Del resto non conoscevo neppure William Golding (Nobel 1983), autore di Il signore delle mosche un best seller da 14 milioni di copie vendute solo nei paesi anglofoni.
Un libro edito nel 1954 e di grande impatto emotivo su un vasto pubblico.
Il signore delle mosche non è che mi abbia esaltato. Dal punto di vista letterario mi sembra un mediocre romanzo per ragazzi, però rivolto agli adulti, con l'ambizione di essere una metafora sulla natura umana.
I bambini sono selvaggi cattivi ai quali una educazione appiccicaticcia di buone maniere, tipicamente inglese, scivola via nel giro di poco tempo rivelando crudamente la vera natura violenta e superstiziosa del genere umano.
Non basta un'isola favolosa e una vita facile, ricca di cibo gratuito e condizioni climatiche ideali a farne una comunità felice.
Del resto lo sfondo sul quale si svolgono gli eventi è di per se stesso catastrofico.
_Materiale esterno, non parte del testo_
(* Consider random variables $Z\in\{w,b\}$, a discrete covariate vector $X$, potential first-stage outcomes $M(w),M(b)\in\{0,1\}$ and potential second-stage binary outcomes $Y(z,m)$ for $z\in\{w,b\}$, $m\in\{0,1\}$, with observed quantities $M = M(Z)$ and $Y = Y(Z,M)$. Let $\mathrm{CDE}_{\mathrm{Ob}} = \mathbb{E}[Y(b,1)-Y(w,1)\mid M=1]$, and let $\Delta_n$ be the stratified difference-in-means estimator computed from $n$ i.i.d. draws $(X_i,Z_i,Y_i)$ from the distribution of $(X,Z,Y)$ given $M=1$: \[ \Delta_n = \sum_x \Big[\tfrac{1}{n_{bx}}\textstyle\sum_{i\in S_{bx}} Y_i\Big]\tfrac{n_x}{n} - \sum_x \Big[\tfrac{1}{n_{wx}}\textstyle\sum_{i\in S_{wx}} Y_i\Big]\tfrac{n_x}{n}, \] where $S_{zx}=\{i: Z_i=z, X_i=x\}$, $n_{zx}=|S_{zx}|$ and $n_x=|\{i:X_i=x\}|$; "$\Delta_n$ is consistent" means $\Delta_n\to\mathrm{CDE}_{\mathrm{Ob}}$ almost surely. Define the conditions (each for all $z,z'\in\{w,b\}$, $m\in\{0,1\}$): (SeqI) sequential ignorability: $\{Y(z',m), M(z)\}\perp\!\!\!\perp Z \mid X$ and $Y(z',m)\perp\!\!\!\perp M \mid Z, X$; (SubI) subset ignorability: $Y(z,1)\perp\!\!\!\perp Z\mid X, M=1$; (TI) treatment ignorability: $M(z)\perp\!\!\!\perp Z\mid X$ and $Y(z',m)\perp\!\!\!\perp Z\mid M(w),M(b),X$; (MI) mediator ignorability: $Y(z,m)\perp\!\!\!\perp M(w)\mid Z=z, M(b)=1, X$; (MM) mediator monotonicity: $M(b)\ge M(w)$. Assume overlap holds: $\Pr(Z=z\mid X=x, M=1)>0$ for all $x$ and $z$. Then, among joint distributions satisfying overlap: (1) SeqI implies SubI; (2) SubI does not imply SeqI (there is a distribution satisfying SubI but not SeqI); (3) SubI implies $\Delta_n$ is consistent; (4) consistency of $\Delta_n$ does not imply SubI; (5) consistency of $\Delta_n$ does not imply TI; (6) TI does not imply consistency of $\Delta_n$; (7) TI, MI and MM jointly imply that $\Delta_n$ is consistent; (8) consistency of $\Delta_n$ does not imply that TI, MI and MM all hold.
   Context: Single-treatment version of a two-stage decision model: $Z$ is (perceived) race, affecting both a first-stage binary decision $M$ (e.g. arrest) with potential outcomes $M(z)$ and a second-stage binary decision $Y$ (e.g. charging) with potential outcomes $Y(z,m)$; consistency relations $M=M(Z)$ and $Y=Y(Z,M)$ hold. A non-implication "A does not imply B" means there exists a joint distribution of $(X,Z,M(w),M(b),(Y(z,m))_{z,m})$ satisfying overlap and A but not B. *)

theory Defs
  imports "HOL-Probability.Probability"
begin
lemma weight_eq_1_if_low_dim_bounded:
  fixes w :: "(nat \<Rightarrow> 'a::field) \<Rightarrow> nat"
  assumes T: "finite T" "N - 1 \<le> card T" and N: "2 \<le> N"
    and pos: "\<And>v. v \<in> T \<Longrightarrow> 0 < w v"
    and low_dim: "\<And>X. X \<subseteq> T \<Longrightarrow> vec.dim X \<le> N - 1 \<Longrightarrow> (\<Sum>v\<in>X. w v) \<le> N - 1"
    and v: "v \<in> T"
  shows "w v = 1"
proof (rule ccontr)
  assume "w v \<noteq> 1"
  then have "2 \<le> w v" using pos[OF v] by simp
  have sizes: "card {v} \<le> N - 1" "N - 1 \<le> card T" "{v} \<subseteq> T" using N T(2) v by auto
  obtain X where X: "{v} \<subseteq> X" "X \<subseteq> T" "card X = N - 1"
    using exists_subset_between[OF sizes T(1)] by blast
  have "finite X" using X(2) T(1) finite_subset by blast
  have "card (X - {v}) = (\<Sum>u\<in>X - {v}. 1)" by simp
  also have "\<dots> \<le> (\<Sum>u\<in>X - {v}. w u)" using X(2) pos by (intro sum_mono) (auto simp: Suc_le_eq)
  finally have "card (X - {v}) \<le> (\<Sum>u\<in>X - {v}. w u)" .
  moreover have "(\<Sum>u\<in>X. w u) = w v + (\<Sum>u\<in>X - {v}. w u)"
    using X(1) \<open>finite X\<close> by (simp add: sum.remove)
  moreover have "card (X - {v}) = N - 2" using X(1,3) by simp
  ultimately have "N \<le> (\<Sum>u\<in>X. w u)" using \<open>2 \<le> w v\<close> N by linarith
  moreover have "vec.dim X \<le> N - 1" using vec.dim_le_card'[OF \<open>finite X\<close>] X(3) by simp
  then have "(\<Sum>u\<in>X. w u) \<le> N - 1" by (rule low_dim[OF X(2)])
  ultimately show False using N by linarith
qed

lemma sum_weights_le_if_low_dim_bounded:
  fixes w :: "(nat \<Rightarrow> 'a::{field,finite}) \<Rightarrow> nat"
  assumes two: "card (UNIV :: 'a set) = 2" and N: "4 \<le> N" and T: "T \<subseteq> vecs N"
    and pos: "\<And>v. v \<in> T \<Longrightarrow> 0 < w v"
    and low_dim: "\<And>X. X \<subseteq> T \<Longrightarrow> vec.dim X \<le> N - 1 \<Longrightarrow> (\<Sum>v\<in>X. w v) \<le> N - 1"
  shows "(\<Sum>v\<in>T. w v) \<le> N + 2"
proof -
  have "finite T" using T finite_vecs finite_subset by blast
  show ?thesis
  proof (cases "N \<le> card T")
    case False
    then have "vec.dim T \<le> N - 1" using vec.dim_le_card'[OF \<open>finite T\<close>] by simp
    then show ?thesis using low_dim[OF order_refl] by fastforce
  next
    case True
    then have sizes: "N - 1 \<le> card T" "2 \<le> N" using N by auto
    have sum_eq_card: "(\<Sum>v\<in>X. w v) = card X" if "X \<subseteq> T" for X
    proof -
      have "(\<Sum>v\<in>X. w v) = (\<Sum>v\<in>X. 1)"
        using that weight_eq_1_if_low_dim_bounded[OF \<open>finite T\<close> sizes pos low_dim]
        by (intro sum.cong) auto
      then show ?thesis by simp
    qed
    have "card T \<le> N + 2"
    proof (rule card_le_if_subsets_independent[OF two N T])
      fix X assume X: "X \<subseteq> T" "card X = N"
      show "vec.independent X"
      proof
        assume "vec.dependent X"
        moreover have "finite X" using X(1) \<open>finite T\<close> finite_subset by blast
        ultimately have "vec.dim X \<le> N - 1" using vec.dim_less_card_if_dependent X(2) by fastforce
        then show False using low_dim[OF X(1)] sum_eq_card[OF X(1)] X(2) N by simp
      qed
    qed
    then show ?thesis using sum_eq_card[OF order_refl] by simp
  qed
qed

lemma sum_proj_points_le:
  fixes K :: "(nat \<Rightarrow> 'a::{field,finite}) set \<Rightarrow> nat"
  assumes two: "card (UNIV :: 'a set) = 2" and N: "4 \<le> N"
    and K: "\<forall>S\<in>proj_subspaces N (N - 2). mult_of N K S \<le> N - 1"
  shows "(\<Sum>P\<in>proj_points N. K P) \<le> N + 2"
proof -
  define T where "T = {v\<in>nonzero_vecs N. 0 < K {0, v}}"
  have T_sub: "T \<subseteq> nonzero_vecs N" by (auto simp: T_def)
  have "(\<Sum>P\<in>proj_points N. K P) = (\<Sum>v\<in>T. K {0, v})"
    unfolding sum_proj_points_card_2[OF two] using finite_nonzero_vecs
    by (intro sum.mono_neutral_right) (auto simp: T_def)
  also have "\<dots> \<le> N + 2"
  proof (rule sum_weights_le_if_low_dim_bounded[OF two N])
    show "T \<subseteq> vecs N" using T_sub by (auto simp: nonzero_vecs_def)
    show "0 < K {0, v}" if "v \<in> T" for v using that by (simp add: T_def)
    show "(\<Sum>v\<in>X. K {0, v}) \<le> N - 1" if "X \<subseteq> T" "vec.dim X \<le> N - 1" for X
      using sum_points_le_if_dim_le[OF two K, of X] that T_sub N by simp
  qed
  finally show ?thesis .
qed

theorem mainTheorem13:
  fixes k :: nat
  assumes "k \<ge> 5" and "card (UNIV :: 'a set) = 2"
  shows "m_q TYPE('a::{field,finite}) (k - 3) (k - 1) (k - 2) = k + 1"
proof -
  define N where "N = k - 1"
  have N: "4 \<le> N" using assms(1) by (simp add: N_def)
  have "k - 3 = N - 2" "k - 2 = N - 1" "k - 1 = N" "k + 1 = N + 2"
    using assms(1) by (auto simp: N_def)
  then show ?thesis
    unfolding m_q_def
    using ex_multiset_frame[OF assms(2)] sum_proj_points_le[OF assms(2) N] N
    by (intro Greatest_equality) auto
qed

end
lemma compact_partial_order_has_maximal:
  fixes E :: "'a::topological_space set"
  assumes "compact E" "E \<noteq> {}"
    and refl: "\<And>x. x \<in> E \<Longrightarrow> le x x"
    and trans: "\<And>x y z. x \<in> E \<Longrightarrow> y \<in> E \<Longrightarrow> z \<in> E \<Longrightarrow> le x y \<Longrightarrow> le y z \<Longrightarrow> le x z"
    and antisym: "\<And>x y. x \<in> E \<Longrightarrow> y \<in> E \<Longrightarrow> le x y \<Longrightarrow> le y x \<Longrightarrow> x = y"
    and closed_up: "\<And>c. c \<in> E \<Longrightarrow> closed {y \<in> E. le c y}"
  shows "\<exists>m\<in>E. \<forall>x\<in>E. le m x \<longrightarrow> x = m"
proof -
  define r where "r = relation_of le E"
  have po: "partial_order_on E r"
    unfolding r_def using refl trans antisym by (rule partial_order_on_relation_ofI)
  then have field: "Field r = E"
    unfolding r_def partial_order_on_def preorder_on_def by (simp add: Field_relation_of)
  have upper_bound: "\<exists>u\<in>Field r. \<forall>c\<in>C. (c, u) \<in> r" if "C \<in> Chains r" for C
  proof -
    have C: "C \<subseteq> E" "\<And>x y. x \<in> C \<Longrightarrow> y \<in> C \<Longrightarrow> le x y \<or> le y x"
      using that by (auto simp: Chains_def r_def relation_of_def)
    from compact_chain_has_upper_bound[OF \<open>compact E\<close> C trans closed_up \<open>E \<noteq> {}\<close>]
    obtain s where "s \<in> E" "\<forall>c\<in>C. le c s" ..
    then show ?thesis
      using \<open>C \<subseteq> E\<close> field by (auto simp: r_def relation_of_def)
  qed
  have "\<exists>m\<in>Field r. \<forall>x\<in>Field r. (m, x) \<in> r \<longrightarrow> x = m"
    by (rule Zorns_po_lemma[OF _ upper_bound]) (use po field in simp)
  then show ?thesis
    unfolding field by (auto simp: r_def relation_of_def)
qed
lemma qinv_u_eps:
  assumes "d \<ge> 0" "\<psi> \<in> {qI, qJ, qK}" "p\<^sup>2 - d * m\<^sup>2 = N" "\<bar>N\<bar> = 1"
  shows "qinv (u_eps d p m \<psi>) = u_eps d (N * p) (- N * m) \<psi>"
proof -
  have "(of_int p)\<^sup>2 + (of_int m * sqrt_neg d)\<^sup>2 = (of_int N :: complex)"
    using sqrt_neg_mult_self[OF assms(1)]
    by (simp add: power_mult_distrib power2_eq_square[of "sqrt_neg d"] flip: assms(3))
  then have "qnorm (u_eps d p m \<psi>) = of_int N"
    using assms(2) by (auto simp: qnorm_def u_eps_def qadd_def qscale_def one_quat_def qI_def qJ_def qK_def)
  moreover have "inverse (of_int N :: complex) = of_int N"
    using assms(4) by (auto simp: abs_if split: if_splits)
  ultimately show ?thesis
    using assms(2) by (auto simp: qinv_def qconj_def qscale_def u_eps_def qadd_def one_quat_def
        qI_def qJ_def qK_def)
qed

lemma zsqrt_powi_u_eps_qpowi:
  assumes "\<not> is_square d" "d \<ge> 0" "oQ_unit d (zsqrt d p m)" "\<psi> \<in> {qI, qJ, qK}"
  shows "\<exists>p' m'. zsqrt d p m powi n = zsqrt d p' m' \<and> qpowi (u_eps d p m \<psi>) n = u_eps d p' m' \<psi>"
proof (cases "n \<ge> 0")
  case True
  then show ?thesis
    using zsqrt_power_u_eps_power[OF assms(2,4), of p m "nat n"]
    by (simp add: power_int_def qpowi_def)
next
  case False
  define N where "N = p\<^sup>2 - d * m\<^sup>2"
  have "\<bar>N\<bar> = 1"
    unfolding N_def using oQ_unit_norm[OF assms(1-3)] .
  with False show ?thesis
    using zsqrt_power_u_eps_power[OF assms(2,4), of "N * p" "- N * m" "nat (- n)"]
      inverse_zsqrt[OF assms(2) N_def[symmetric]] qinv_u_eps[OF assms(2,4) N_def[symmetric]]
    by (simp add: power_int_def qpowi_def)
qed

theorem mainTheorem15:
  fixes d :: int
  assumes "d > 0" and "squarefree d" and "d mod 8 = 7"
  shows "(\<forall>\<xi> \<psi> (p::int) (m::int).
            \<xi> \<in> qbasis \<and> \<psi> \<in> qbasis \<and> \<xi> \<noteq> \<psi> \<and>
            qnorm (qadd (qscale (of_int m * sqrt_neg d) \<xi>) (qscale (of_int p) \<psi>)) = 1 \<and>
            q1 (qadd (qscale (of_int m * sqrt_neg d) \<xi>) (qscale (of_int p) \<psi>)) = 0
            \<longrightarrow> torsion_unit d (qadd (qscale (of_int m * sqrt_neg d) \<xi>) (qscale (of_int p) \<psi>)))
       \<and> (\<forall>(p::int) (m::int) \<psi> (n::int).
            oQ_unit d (of_int p + of_int m * sqrt (real_of_int d)) \<and> \<psi> \<in> {qI, qJ, qK}
            \<longrightarrow> (\<exists>p' m' :: int.
                   (of_int p + of_int m * sqrt (real_of_int d)) powi n
                     = of_int p' + of_int m' * sqrt (real_of_int d)
                 \<and> qpowi (u_eps d p m \<psi>) n = u_eps d p' m' \<psi>))"
proof -
  have "\<not> is_square d"
    using assms(3) by (intro not_square_if_mod_4_eq_3) presburger
  then show ?thesis
    using torsion_unit_if_pure_norm_1 qbasis_combination_in_HoK
      zsqrt_powi_u_eps_qpowi[of d] assms(1) by auto
qed

end
lemma borel_measurable_mono_complete_linorder:
  fixes f :: "'a::{complete_linorder,linorder_topology} \<Rightarrow> 'b::{linorder_topology,second_countable_topology}"
  assumes "mono f"
  shows "f \<in> borel_measurable borel"
proof (rule borel_measurableI_greater)
  fix a
  define U where "U = {x. a < f x}"
  define b where "b = Inf U"
  have up: "y \<in> U" if "u \<in> U" "u \<le> y" for u y
    using less_le_trans[of a "f u" "f y"] monoD[OF assms that(2)] that(1) by (simp add: U_def)
  have lower: "b \<le> x" if "x \<in> U" for x
    unfolding b_def using that by (rule Inf_lower)
  have "U = {b..} \<or> U = {b<..}"
  proof (cases "b \<in> U")
    case True
    have "U = {b..}"
      using lower up[OF True] by auto
    then show ?thesis ..
  next
    case False
    have "x \<in> U" if "b < x" for x
    proof -
      obtain u where "u \<in> U" "u < x" using \<open>b < x\<close> by (auto simp: b_def Inf_less_iff)
      then show ?thesis using up by (simp add: less_imp_le)
    qed
    moreover have "b < x" if "x \<in> U" for x
      using lower[OF that] False that by (auto simp: order.order_iff_strict)
    ultimately have "U = {b<..}" by auto
    then show ?thesis ..
  qed
  then show "{x \<in> space borel. a < f x} \<in> sets borel" by (auto simp: U_def[symmetric])
qed

section \<open>Young functions and the Luxemburg norm\<close>

lemma young_functionD:
  assumes "young_function \<phi>"
  shows young_function_zero: "\<phi> 0 = 0"
    and young_function_mono: "mono \<phi>"
    and young_function_convex:
      "0 \<le> t \<Longrightarrow> t \<le> 1 \<Longrightarrow> \<phi> (ennreal t * x + ennreal (1 - t) * y) \<le> ennreal t * \<phi> x + ennreal (1 - t) * \<phi> y"
  using assms unfolding young_function_def by auto

lemma young_function_scale:
  assumes "young_function \<phi>" "0 \<le> t" "t \<le> 1"
  shows "\<phi> (ennreal t * x) \<le> ennreal t * \<phi> x"
  using young_function_convex[OF assms, of x 0] young_function_zero[OF assms(1)] by simp

lemma young_function_borel_measurable:
  "young_function \<phi> \<Longrightarrow> \<phi> \<in> borel_measurable borel"
  by (intro borel_measurable_mono_complete_linorder young_function_mono)

definition orlicz_admissible ::
  "(ennreal \<Rightarrow> ennreal) \<Rightarrow> ('a::euclidean_space) set \<Rightarrow> ('a \<Rightarrow> ennreal) \<Rightarrow> real \<Rightarrow> bool" where
  "orlicz_admissible \<phi> E k r \<longleftrightarrow>
     0 < r \<and> (\<integral>\<^sup>+ x. \<phi> (ennreal (1 / r) * k x) * indicator E x \<partial>lebesgue) \<le> 1"

lemma orlicz_norm_eq_INF:
  "orlicz_norm \<phi> E k = (INF r \<in> Collect (orlicz_admissible \<phi> E k). ennreal r)"
  unfolding orlicz_norm_def orlicz_admissible_def by (rule arg_cong[where f = Inf]) blast

lemma orlicz_norm_le: "orlicz_admissible \<phi> E k r \<Longrightarrow> orlicz_norm \<phi> E k \<le> ennreal r"
  unfolding orlicz_norm_eq_INF by (rule INF_lower) simp

lemma orlicz_norm_less_top_imp_admissible:
  assumes "orlicz_norm \<phi> E k < \<infinity>"
  obtains r where "orlicz_admissible \<phi> E k r"
proof -
  have "Collect (orlicz_admissible \<phi> E k) \<noteq> {}"
  proof
    assume empty: "Collect (orlicz_admissible \<phi> E k) = {}"
    show False using assms unfolding orlicz_norm_eq_INF empty by simp
  qed
  then show ?thesis using that by blast
qed

lemma orlicz_norm_mono:
  assumes "mono \<phi>" "\<And>x. x \<in> E \<Longrightarrow> k x \<le> g x"
  shows "orlicz_norm \<phi> E k \<le> orlicz_norm \<phi> E g"
  unfolding orlicz_norm_eq_INF
proof (rule INF_superset_mono)
  have "(\<integral>\<^sup>+ x. \<phi> (ennreal (1 / r) * k x) * indicator E x \<partial>lebesgue)
        \<le> (\<integral>\<^sup>+ x. \<phi> (ennreal (1 / r) * g x) * indicator E x \<partial>lebesgue)" for r
  proof (intro nn_integral_mono)
    fix x
    show "\<phi> (ennreal (1 / r) * k x) * indicator E x \<le> \<phi> (ennreal (1 / r) * g x) * indicator E x"
    proof (cases "x \<in> E")
      case True
      then have "ennreal (1 / r) * k x \<le> ennreal (1 / r) * g x"
        by (simp add: assms(2) mult_left_mono)
      then show ?thesis using True monoD[OF assms(1)] by simp
    qed simp
  qed
  then show "Collect (orlicz_admissible \<phi> E g) \<subseteq> Collect (orlicz_admissible \<phi> E k)"
    unfolding orlicz_admissible_def by (auto intro: order_trans)
qed simp

lemma orlicz_norm_restrict:
  assumes "\<phi> 0 = 0"
  shows "orlicz_norm \<phi> E k = orlicz_norm \<phi> UNIV (\<lambda>x. k x * indicator E x)"
proof -
  have "(\<integral>\<^sup>+ x. \<phi> (ennreal (1 / r) * k x) * indicator E x \<partial>lebesgue)
        = (\<integral>\<^sup>+ x. \<phi> (ennreal (1 / r) * (k x * indicator E x)) * indicator UNIV x \<partial>lebesgue)" for r
    using assms by (intro nn_integral_cong) (simp split: split_indicator)
  then show ?thesis
    unfolding orlicz_norm_def by simp
qed

lemma orlicz_norm_cmult_le:
  assumes "young_function \<phi>" "0 \<le> c"
  shows "orlicz_norm \<phi> E (\<lambda>x. ennreal c * g x) \<le> ennreal c * orlicz_norm \<phi> E g"
proof (cases "c = 0")
  case True
  have "orlicz_admissible \<phi> E (\<lambda>x. ennreal c * g x) e" if "0 < e" for e
    using that True young_function_zero[OF assms(1)] by (simp add: orlicz_admissible_def)
  have "orlicz_norm \<phi> E (\<lambda>x. ennreal c * g x) \<le> 0"
  proof (rule ennreal_le_epsilon)
    fix e :: real
    assume "0 < e"
    then show "orlicz_norm \<phi> E (\<lambda>x. ennreal c * g x) \<le> 0 + ennreal e"
      using orlicz_norm_le \<open>0 < e \<Longrightarrow> _\<close> by simp
  qed
  then show ?thesis by simp
next
  case False
  then have "0 < c" using assms(2) by simp
  have "orlicz_norm \<phi> E (\<lambda>x. ennreal c * g x) \<le> ennreal c * ennreal r" if "orlicz_admissible \<phi> E g r" for r
  proof -
    have "ennreal (1 / (c * r)) * (ennreal c * g x) = ennreal (1 / r) * g x" for x
      using \<open>0 < c\<close> that
      by (simp add: orlicz_admissible_def mult.assoc[symmetric] ennreal_mult[symmetric])
    then have "orlicz_admissible \<phi> E (\<lambda>x. ennreal c * g x) (c * r)"
      using that \<open>0 < c\<close> by (simp add: orlicz_admissible_def)
    then have "orlicz_norm \<phi> E (\<lambda>x. ennreal c * g x) \<le> ennreal (c * r)"
      by (rule orlicz_norm_le)
    then show ?thesis
      using that \<open>0 < c\<close> by (simp add: orlicz_admissible_def ennreal_mult)
  qed
  then have "orlicz_norm \<phi> E (\<lambda>x. ennreal c * g x) \<le> (INF r \<in> Collect (orlicz_admissible \<phi> E g). ennreal c * ennreal r)"
    by (intro INF_greatest) simp
  also have "\<dots> = ennreal c * orlicz_norm \<phi> E g"
  proof (cases "Collect (orlicz_admissible \<phi> E g) = {}")
    case True
    then show ?thesis
      unfolding orlicz_norm_eq_INF True using \<open>0 < c\<close> by (simp add: ennreal_mult_top)
  next
    case False
    then show ?thesis
      unfolding orlicz_norm_eq_INF by (subst ennreal_mult_Inf) (simp_all add: image_comp)
  qed
  finally show ?thesis .
qed

lemma orlicz_admissible_add:
  assumes young: "young_function \<phi>" and E: "E \<in> sets lebesgue"
    and meas: "g\<^sub>1 \<in> borel_measurable lebesgue" "g\<^sub>2 \<in> borel_measurable lebesgue"
    and adm: "orlicz_admissible \<phi> E g\<^sub>1 r\<^sub>1" "orlicz_admissible \<phi> E g\<^sub>2 r\<^sub>2"
  shows "orlicz_admissible \<phi> E (\<lambda>x. g\<^sub>1 x + g\<^sub>2 x) (r\<^sub>1 + r\<^sub>2)"
proof -
  have r: "0 < r\<^sub>1" "0 < r\<^sub>2" using adm by (simp_all add: orlicz_admissible_def)
  define t where "t = r\<^sub>1 / (r\<^sub>1 + r\<^sub>2)"
  have t: "0 \<le> t" "t \<le> 1" "1 - t = r\<^sub>2 / (r\<^sub>1 + r\<^sub>2)"
    using r by (auto simp: t_def field_simps)
  define G\<^sub>1 where "G\<^sub>1 = (\<lambda>x. \<phi> (ennreal (1 / r\<^sub>1) * g\<^sub>1 x) * indicator E x)"
  define G\<^sub>2 where "G\<^sub>2 = (\<lambda>x. \<phi> (ennreal (1 / r\<^sub>2) * g\<^sub>2 x) * indicator E x)"
  note young_function_borel_measurable[OF young, measurable] meas[measurable] E[measurable]
  have G_meas[measurable]: "G\<^sub>1 \<in> borel_measurable lebesgue" "G\<^sub>2 \<in> borel_measurable lebesgue"
    unfolding G\<^sub>1_def G\<^sub>2_def by measurable
  have split: "ennreal (1 / (r\<^sub>1 + r\<^sub>2)) * (g\<^sub>1 x + g\<^sub>2 x)
      = ennreal t * (ennreal (1 / r\<^sub>1) * g\<^sub>1 x) + ennreal (1 - t) * (ennreal (1 / r\<^sub>2) * g\<^sub>2 x)" for x
    using r t by (simp add: distrib_left mult.assoc[symmetric] ennreal_mult[symmetric] t_def)
  have "\<phi> (ennreal (1 / (r\<^sub>1 + r\<^sub>2)) * (g\<^sub>1 x + g\<^sub>2 x)) * indicator E x \<le> ennreal t * G\<^sub>1 x + ennreal (1 - t) * G\<^sub>2 x" for x
    unfolding split G\<^sub>1_def G\<^sub>2_def using young_function_convex[OF young t(1,2)]
    by (simp split: split_indicator)
  then have "(\<integral>\<^sup>+ x. \<phi> (ennreal (1 / (r\<^sub>1 + r\<^sub>2)) * (g\<^sub>1 x + g\<^sub>2 x)) * indicator E x \<partial>lebesgue)
      \<le> (\<integral>\<^sup>+ x. ennreal t * G\<^sub>1 x + ennreal (1 - t) * G\<^sub>2 x \<partial>lebesgue)"
    by (rule nn_integral_mono)
  also have "\<dots> = ennreal t * integral\<^sup>N lebesgue G\<^sub>1 + ennreal (1 - t) * integral\<^sup>N lebesgue G\<^sub>2"
    by (simp add: nn_integral_add nn_integral_cmult)
  also have "\<dots> \<le> ennreal t * 1 + ennreal (1 - t) * 1"
    using adm by (intro add_mono mult_left_mono) (simp_all add: orlicz_admissible_def G\<^sub>1_def G\<^sub>2_def)
  also have "\<dots> = 1"
    using t by (simp add: ennreal_plus[symmetric] del: ennreal_plus)
  finally show ?thesis
    using r by (simp add: orlicz_admissible_def)
qed

lemma orlicz_norm_add_le:
  assumes "young_function \<phi>" "E \<in> sets lebesgue"
    and "g\<^sub>1 \<in> borel_measurable lebesgue" "g\<^sub>2 \<in> borel_measurable lebesgue"
  shows "orlicz_norm \<phi> E (\<lambda>x. g\<^sub>1 x + g\<^sub>2 x) \<le> orlicz_norm \<phi> E g\<^sub>1 + orlicz_norm \<phi> E g\<^sub>2"
  unfolding orlicz_norm_eq_INF[of \<phi> E g\<^sub>1] orlicz_norm_eq_INF[of \<phi> E g\<^sub>2]
proof (rule ennreal_Inf_add_le, safe)
  fix r\<^sub>1 r\<^sub>2
  assume adm: "orlicz_admissible \<phi> E g\<^sub>1 r\<^sub>1" "orlicz_admissible \<phi> E g\<^sub>2 r\<^sub>2"
  then have "orlicz_norm \<phi> E (\<lambda>x. g\<^sub>1 x + g\<^sub>2 x) \<le> ennreal (r\<^sub>1 + r\<^sub>2)"
    by (intro orlicz_norm_le orlicz_admissible_add assms)
  then show "orlicz_norm \<phi> E (\<lambda>x. g\<^sub>1 x + g\<^sub>2 x) \<le> ennreal r\<^sub>1 + ennreal r\<^sub>2"
    using adm by (simp add: orlicz_admissible_def ennreal_plus)
qed

lemma orlicz_norm_le_split:
  assumes young: "young_function \<phi>" and B: "B \<in> sets lebesgue"
    and w: "w \<in> borel_measurable lebesgue" and "0 \<le> a" "0 \<le> b"
    and k: "\<And>x. k x \<le> ennreal a * (w x * indicator (- B) x) + ennreal b * indicator B x"
  shows "orlicz_norm \<phi> UNIV k \<le> ennreal a * orlicz_norm \<phi> (- B) w + ennreal b * orlicz_norm \<phi> UNIV (indicator B)"
proof -
  have "orlicz_norm \<phi> UNIV k
      \<le> orlicz_norm \<phi> UNIV (\<lambda>x. ennreal a * (w x * indicator (- B) x) + ennreal b * indicator B x)"
    using k by (intro orlicz_norm_mono young_function_mono[OF young])
  also have "\<dots> \<le> orlicz_norm \<phi> UNIV (\<lambda>x. ennreal a * (w x * indicator (- B) x))
      + orlicz_norm \<phi> UNIV (\<lambda>x. ennreal b * indicator B x)"
    using w B by (intro orlicz_norm_add_le[OF young]) simp_all
  also have "\<dots> \<le> ennreal a * orlicz_norm \<phi> UNIV (\<lambda>x. w x * indicator (- B) x)
      + ennreal b * orlicz_norm \<phi> UNIV (indicator B)"
    using assms(4,5) by (intro add_mono orlicz_norm_cmult_le[OF young]) simp_all
  also have "\<dots> = ennreal a * orlicz_norm \<phi> (- B) w + ennreal b * orlicz_norm \<phi> UNIV (indicator B)"
    using orlicz_norm_restrict[of \<phi> "- B" w, OF young_function_zero[OF young]] by simp
  finally show ?thesis .
qed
Le paure di guerra degli anni cinquanta sono sfociate, nell'immaginario dell'autore, in una autentica guerra nucleare, alla quale si tenta di sottrarre questo carico di bambini e preadolescenti inglesi spedendoli lontani. Un incidente (o un attacco?) al loro aereo, li fa precipitare per caso in questa isola paradisiaca dove i superstiti dovranno cavarsela, senza il sostegno e la guida di alcun adulto.
Tale lo scenario nel quale si muovono due modi contrapposti di affrontare la realtà. Uno più razionale, ma debole e confuso, tarato sui ricordi del mondo adulto. L'altro, che alla fine prenderà tragicamente il sopravvento, basato sulla crudeltà della forza fisica.
Un'annotazione finale che è soltanto una sensazione personale. Alcuni punti del racconto mi hanno ricordato, per superficiale associazione, episodi di Lost. Possibile che i geniali autori del serial - che alla fine si è talmente involuto da cadere nel ridicolo - abbiano avuto tra le loro fonti d'ispirazione anche questo libro.